As described above, the cutter bit of the excavator of the present invention and the method of manufacturing the same have a structure in which excavation and cutting are continued while the cutting surface is spontaneously formed. Stable excavation can be performed, and a high-speed rotation type does not cause enlarging.
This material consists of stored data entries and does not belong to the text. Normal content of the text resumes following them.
(* Condition (i) yields an exhaustion W 0, W 1, ... of the space by compact sets such that
   W n and its (n+2)-hull lie in the interior of W (n+1).  A point of the compact annulus
   D n = W (n+2) - interior (W (n+1)) lies outside that hull, so some member of the family,
   scaled to have modulus at most 1 on W n, exceeds n there; by compactness finitely many
   such members G n suffice.  The supremum p of 1, -1 and all members of G n and -G n is,
   on W j, the maximum of the finitely many functions chosen before stage j (the later ones
   are bounded by 1 there), hence continuous; and p > n off W (n+1), hence
   proper.  Conversely, if a symmetric family has a proper supremum p bounded by B on K,
   then every member is bounded by B in modulus on K, so the C-hull of K lies in the
   compact set where 0 <= p <= C * B. *)

lemma continuous_map_Max:
  assumes "finite G" "G \<noteq> {}" "\<And>a. a \<in> G \<Longrightarrow> continuous_map X euclideanreal a"
  shows "continuous_map X euclideanreal (\<lambda>x. Max ((\<lambda>a. a x) ` G))"
  using assms
proof (induction G rule: finite_ne_induct)
  case (singleton b)
  then show ?case by simp
next
  case (insert b G)
  then show ?case by (simp add: continuous_map_real_max)
qed

lemma continuous_map_bounded_on_compactin:
  assumes "continuous_map X euclideanreal p" "compactin X K"
  shows "\<exists>B. \<forall>x\<in>K. \<bar>p x\<bar> \<le> B"
proof -
  have "compact (p ` K)" using image_compactin[OF assms(2,1)] by simp
  then show ?thesis by (auto dest: compact_imp_bounded simp: bounded_real)
qed

lemma bdd_above_sup_abs_on:
  assumes "compactin X K" "continuous_map X euclideanreal a"
  shows "bdd_above ((\<lambda>x. \<bar>a x\<bar>) ` K \<union> {0})"
proof -
  have "compactin euclideanreal ((\<lambda>x. \<bar>a x\<bar>) ` K)"
    by (rule image_compactin[OF assms(1)]) (simp add: continuous_map_real_abs assms(2))
  then show ?thesis by (simp add: bounded_imp_bdd_above compact_imp_bounded)
qed

lemma abs_le_sup_abs_on:
  assumes "compactin X K" "continuous_map X euclideanreal a" "x \<in> K"
  shows "\<bar>a x\<bar> \<le> sup_abs_on K a"
  unfolding sup_abs_on_def
  by (rule cSup_upper[OF _ bdd_above_sup_abs_on[OF assms(1,2)]]) (use assms(3) in auto)

lemma sup_abs_on_nonneg:
  assumes "compactin X K" "continuous_map X euclideanreal a"
  shows "0 \<le> sup_abs_on K a"
  unfolding sup_abs_on_def
  by (rule cSup_upper[OF _ bdd_above_sup_abs_on[OF assms]]) auto

lemma sup_abs_on_le:
  assumes "0 \<le> B" "\<And>x. x \<in> K \<Longrightarrow> \<bar>a x\<bar> \<le> B"
  shows "sup_abs_on K a \<le> B"
  unfolding sup_abs_on_def by (rule cSup_least) (auto simp: assms)

definition sup_hull :: "'a topology \<Rightarrow> ('a \<Rightarrow> real) set \<Rightarrow> 'a set \<Rightarrow> real \<Rightarrow> 'a set" where
  "sup_hull X \<A> K C = {\<omega> \<in> topspace X. \<forall>a\<in>\<A>. a \<omega> \<le> C * sup_abs_on K a}"

lemma closedin_sup_hull:
  assumes "\<And>a. a \<in> \<A> \<Longrightarrow> continuous_map X euclideanreal a"
  shows "closedin X (sup_hull X \<A> K C)"
proof -
  define S where "S a = {x \<in> topspace X. a x \<in> {..C * sup_abs_on K a}}" for a
  have "sup_hull X \<A> K C = \<Inter>(insert (topspace X) (S ` \<A>))"
    by (auto simp: sup_hull_def S_def)
  moreover have "closedin X (S a)" if "a \<in> \<A>" for a
    unfolding S_def using assms[OF that] by (rule closedin_continuous_map_preimage) simp
  then have "closedin X (\<Inter>(insert (topspace X) (S ` \<A>)))"
    by (intro closedin_Inter) auto
  ultimately show ?thesis by argo
qed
Furthermore, it is rich in durability and wear resistance, and can expand the applicable range of excavated objects.

[Brief description of the drawings]

FIG. 1 is a perspective view showing a first embodiment of a cutter bit of an excavator according to the present invention.

FIG. 2 is a perspective view showing a second embodiment of the cutter bit of the excavator according to the present invention.

FIG. 3 is a perspective view illustrating a cutter bit of an excavator according to a third embodiment of the present invention.

FIG. 4 is a vertical sectional side view showing one embodiment of a method of manufacturing a cutter bit of an excavator according to the present invention.

FIG. 5 is a partially cutaway plan view showing one embodiment of the method for manufacturing a cutter bit of an excavator according to the present invention.

FIG. 6 is a vertical sectional side view showing an example of a shield excavator provided with the cutter bit of the excavator of the present invention.

FIG. 7 is a plan view showing an example of a shield excavator provided with the cutter bit of the excavator of the present invention.

[Explanation of symbols]

DESCRIPTION OF SYMBOLS 1 ... Main shield excavator 2 ... Excavator main body 3 ... Excavation head 4 ... Cutter base 5 ... Perimeter cutter 6, 7 ... Universal cutter 6a, 7a ... Cutter bit 8 ... Drainage pipe 9 ... Mud feeding pipe 10, 11 ... Drive Motor 12,14… Drive gear 13… Pinion gear 21,22,23,24… Roller bearing 25,26… Ball bearing 27… Rotary valve 31… Shank material 32… Super alloy chip 33… Weld metal 34… Shaved part 35 … Formwork base 36… inner formwork 37… outer formwork 38… cutter wheel

Continuing from the front page (72) Inventor Koji Kuribayashi 1-6-1, Uchisaiwaicho, Chiyoda-ku, Tokyo Nippon Telegraph and Telephone Corporation (72) Inventor Naomichi Sawada 1-1-6, Uchisaiwaicho, Chiyoda-ku, Tokyo Nippon Telegraph and Telephone (72) Inventor Minoru Nagashima 1-1-6 Uchisaiwaicho, Chiyoda-ku, Tokyo Nippon Telegraph and Telephone Corporation (72) Koji Akiyama 1-1-6 Uchisaiwaicho, Chiyoda-ku, Tokyo Nippon Telegraph and Telephone Corporation (56) References JP-B-52-50001 (JP, B2) Patent 92746 (JP, C2) (58) Fields investigated (Int. Cl. ⁶ , DB name) E21D 9/08 E21B 10/02 E21B 10 / 48

Claims (2)

(57) [Claims] 1. A small polyhedral superalloy chip is fixed to an end portion of a ring-shaped shank material by welding metal or sintered metal, and a recessed relief portion is formed on the inner and outer surfaces. An excavator cutter bit characterized by the following: 2. A shank material of a cutter bit is assembled in a mold base, an inner mold and an outer mold having a convex portion are set on the mold base, and a superalloy chip of a small polyhedron is set on the mold base. While laying in the groove surrounded by the inner formwork, the outer formwork and the shank material, the melted molten metal is poured thereon, and the small polyhedral superalloy chip is fixed to the end of the shank material, and the welding is performed. When the metal is solidified, the mold base, the inner mold, and the outer mold are removed from the mold, and a relief portion that is a recess is formed on the inner and outer surfaces by the convex portions of the inner mold and the outer mold. Manufacturing method of excavator cutter bit.